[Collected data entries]
(* For $n\ge2$ and all $P,Q\in\Gamma_n$, $T(P\|Q)\le \frac1{16}\Psi(P\|Q)$.
   Context: $\Gamma_n=\{P=(p_1,\dots,p_n): p_i>0,\ \sum p_i=1\}$. $T(P\|Q)=\sum_{i=1}^n\frac{p_i+q_i}{2}\ln\frac{p_i+q_i}{2\sqrt{p_iq_i}}$ (natural logarithm); $\Psi(P\|Q)=\sum_{i=1}^n\frac{(p_i-q_i)^2(p_i+q_i)}{p_iq_i}$. *)

theory Defs
  imports Complex_Main
begin

definition Gamma :: "nat \<Rightarrow> (nat \<Rightarrow> real) set" where
  "Gamma n = {p. (\<forall>i<n. p i > 0) \<and> (\<Sum>i<n. p i) = 1}"

definition T_div :: "nat \<Rightarrow> (nat \<Rightarrow> real) \<Rightarrow> (nat \<Rightarrow> real) \<Rightarrow> real" where
  "T_div n p q = (\<Sum>i<n. (p i + q i) / 2 * ln ((p i + q i) / (2 * sqrt (p i * q i))))"

definition Psi_div :: "nat \<Rightarrow> (nat \<Rightarrow> real) \<Rightarrow> (nat \<Rightarrow> real) \<Rightarrow> real" where
  "Psi_div n p q = (\<Sum>i<n. (p i - q i)^2 * (p i + q i) / (p i * q i))"

end

theory Submission
  imports Defs
begin

text \<open>Each summand of \<open>T\<close> has the form \<open>m ln (m/g)\<close> with \<open>m\<close>, \<open>g\<close> the arithmetic and geometric
  means of \<open>p\<^sub>i\<close>, \<open>q\<^sub>i\<close>. By \<open>ln u \<le> u - 1\<close> it is at most \<open>m (m - g)/g\<close>, and \<open>(m - g)\<^sup>2 \<ge> 0\<close> gives
  \<open>(m - g)/g \<le> (m\<^sup>2 - g\<^sup>2)/(2 g\<^sup>2)\<close>, where \<open>m\<^sup>2 - g\<^sup>2 = (p\<^sub>i - q\<^sub>i)\<^sup>2/4\<close>: this is the summand of \<open>\<Psi>/16\<close>.
  Only positivity of the entries is used.\<close>

lemma divide_minus_one_le_diff_squares:
  fixes m g :: real
  assumes "g > 0"
  shows "m / g - 1 \<le> (m\<^sup>2 - g\<^sup>2) / (2 * g\<^sup>2)"
proof -
  have "m / g - 1 = 2 * g * (m - g) / (2 * g\<^sup>2)"
    using assms by (simp add: field_simps power2_eq_square)
  also have "\<dots> \<le> (m\<^sup>2 - g\<^sup>2) / (2 * g\<^sup>2)"
    using zero_le_power2[of "m - g"]
    by (intro divide_right_mono) (simp_all add: power2_eq_square algebra_simps)
  finally show ?thesis .
qed

lemma mean_ln_mean_ratio_le:
  fixes a b :: real
  assumes "a > 0" and "b > 0"
  shows "(a + b) / 2 * ln ((a + b) / (2 * sqrt (a * b))) \<le> (a - b)\<^sup>2 * (a + b) / (a * b) / 16"
proof -
  define m where "m = (a + b) / 2"
  define g where "g = sqrt (a * b)"
  have "g > 0" "g\<^sup>2 = a * b"
    using assms by (simp_all add: g_def)
  have "m > 0"
    using assms by (simp add: m_def)
  have "(a + b) / 2 * ln ((a + b) / (2 * sqrt (a * b))) = m * ln (m / g)"
    by (simp add: m_def g_def)
  also have "\<dots> \<le> m * (m / g - 1)"
    using \<open>m > 0\<close> \<open>g > 0\<close> by (intro mult_left_mono ln_le_minus_one) simp_all
  also have "\<dots> \<le> m * ((m\<^sup>2 - g\<^sup>2) / (2 * g\<^sup>2))"
    using \<open>m > 0\<close> \<open>g > 0\<close> by (intro mult_left_mono divide_minus_one_le_diff_squares) simp_all
  also have "\<dots> = (a - b)\<^sup>2 * (a + b) / (a * b) / 16"
    using \<open>g\<^sup>2 = a * b\<close> assms by (simp add: m_def field_simps power2_eq_square)
  finally show ?thesis .
qed

lemma T_div_le_Psi_div:
  assumes "\<And>i. i < n \<Longrightarrow> p i > 0" and "\<And>i. i < n \<Longrightarrow> q i > 0"
  shows "T_div n p q \<le> Psi_div n p q / 16"
proof -
  have "T_div n p q \<le> (\<Sum>i<n. (p i - q i)\<^sup>2 * (p i + q i) / (p i * q i) / 16)"
    unfolding T_div_def using assms by (intro sum_mono mean_ln_mean_ratio_le) simp_all
  also have "\<dots> = Psi_div n p q / 16"
    by (simp add: Psi_div_def sum_divide_distrib)
  finally show ?thesis .
qed

theorem proposition3p5:
  fixes n :: nat and p q :: "nat \<Rightarrow> real"
  assumes "n \<ge> 2" and "p \<in> Gamma n" and "q \<in> Gamma n"
  shows "T_div n p q \<le> Psi_div n p q / 16"
  using assms(2,3) by (intro T_div_le_Psi_div) (simp_all add: Gamma_def)

end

* _Assigned task_:
Copy all the data. Match it exactly.

* _Task output_:
(* For $n\ge2$ and all $P,Q\in\Gamma_n$, $T(P\|Q)\le \frac1{16}\Psi(P\|Q)$.
   Context: $\Gamma_n=\{P=(p_1,\dots,p_n): p_i>0,\ \sum p_i=1\}$. $T(P\|Q)=\sum_{i=1}^n\frac{p_i+q_i}{2}\ln\frac{p_i+q_i}{2\sqrt{p_iq_i}}$ (natural logarithm); $\Psi(P\|Q)=\sum_{i=1}^n\frac{(p_i-q_i)^2(p_i+q_i)}{p_iq_i}$. *)

theory Defs
  imports Complex_Main
begin

definition Gamma :: "nat \<Rightarrow> (nat \<Rightarrow> real) set" where
  "Gamma n = {p. (\<forall>i<n. p i > 0) \<and> (\<Sum>i<n. p i) = 1}"

definition T_div :: "nat \<Rightarrow> (nat \<Rightarrow> real) \<Rightarrow> (nat \<Rightarrow> real) \<Rightarrow> real" where
  "T_div n p q = (\<Sum>i<n. (p i + q i) / 2 * ln ((p i + q i) / (2 * sqrt (p i * q i))))"

definition Psi_div :: "nat \<Rightarrow> (nat \<Rightarrow> real) \<Rightarrow> (nat \<Rightarrow> real) \<Rightarrow> real" where
  "Psi_div n p q = (\<Sum>i<n. (p i - q i)^2 * (p i + q i) / (p i * q i))"

end

theory Submission
  imports Defs
begin

text \<open>Each summand of \<open>T\<close> has the form \<open>m ln (m/g)\<close> with \<open>m\<close>, \<open>g\<close> the arithmetic and geometric
  means of \<open>p\<^sub>i\<close>, \<open>q\<^sub>i\<close>. By \<open>ln u \<le> u - 1\<close> it is at most \<open>m (m - g)/g\<close>, and \<open>(m - g)\<^sup>2 \<ge> 0\<close> gives
  \<open>(m - g)/g \<le> (m\<^sup>2 - g\<^sup>2)/(2 g\<^sup>2)\<close>, where \<open>m\<^sup>2 - g\<^sup>2 = (p\<^sub>i - q\<^sub>i)\<^sup>2/4\<close>: this is the summand of \<open>\<Psi>/16\<close>.
  Only positivity of the entries is used.\<close>

lemma divide_minus_one_le_diff_squares:
  fixes m g :: real
  assumes "g > 0"
  shows "m / g - 1 \<le> (m\<^sup>2 - g\<^sup>2) / (2 * g\<^sup>2)"
proof -
  have "m / g - 1 = 2 * g * (m - g) / (2 * g\<^sup>2)"
    using assms by (simp add: field_simps power2_eq_square)
  also have "\<dots> \<le> (m\<^sup>2 - g\<^sup>2) / (2 * g\<^sup>2)"
    using zero_le_power2[of "m - g"]
    by (intro divide_right_mono) (simp_all add: power2_eq_square algebra_simps)
  finally show ?thesis .
qed

lemma mean_ln_mean_ratio_le:
  fixes a b :: real
  assumes "a > 0" and "b > 0"
  shows "(a + b) / 2 * ln ((a + b) / (2 * sqrt (a * b))) \<le> (a - b)\<^sup>2 * (a + b) / (a * b) / 16"
proof -
  define m where "m = (a + b) / 2"
  define g where "g = sqrt (a * b)"
  have "g > 0" "g\<^sup>2 = a * b"
    using assms by (simp_all add: g_def)
  have "m > 0"
    using assms by (simp add: m_def)
  have "(a + b) / 2 * ln ((a + b) / (2 * sqrt (a * b))) = m * ln (m / g)"
    by (simp add: m_def g_def)
  also have "\<dots> \<le> m * (m / g - 1)"
    using \<open>m > 0\<close> \<open>g > 0\<close> by (intro mult_left_mono ln_le_minus_one) simp_all
  also have "\<dots> \<le> m * ((m\<^sup>2 - g\<^sup>2) / (2 * g\<^sup>2))"
    using \<open>m > 0\<close> \<open>g > 0\<close> by (intro mult_left_mono divide_minus_one_le_diff_squares) simp_all
  also have "\<dots> = (a - b)\<^sup>2 * (a + b) / (a * b) / 16"
    using \<open>g\<^sup>2 = a * b\<close> assms by (simp add: m_def field_simps power2_eq_square)
  finally show ?thesis .
qed

lemma T_div_le_Psi_div:
  assumes "\<And>i. i < n \<Longrightarrow> p i > 0" and "\<And>i. i < n \<Longrightarrow> q i > 0"
  shows "T_div n p q \<le> Psi_div n p q / 16"
proof -
  have "T_div n p q \<le> (\<Sum>i<n. (p i - q i)\<^sup>2 * (p i + q i) / (p i * q i) / 16)"
    unfolding T_div_def using assms by (intro sum_mono mean_ln_mean_ratio_le) simp_all
  also have "\<dots> = Psi_div n p q / 16"
    by (simp add: Psi_div_def sum_divide_distrib)
  finally show ?thesis .
qed

theorem proposition3p5:
  fixes n :: nat and p q :: "nat \<Rightarrow> real"
  assumes "n \<ge> 2" and "p \<in> Gamma n" and "q \<in> Gamma n"
  shows "T_div n p q \<le> Psi_div n p q / 16"
  using assms(2,3) by (intro T_div_le_Psi_div) (simp_all add: Gamma_def)

end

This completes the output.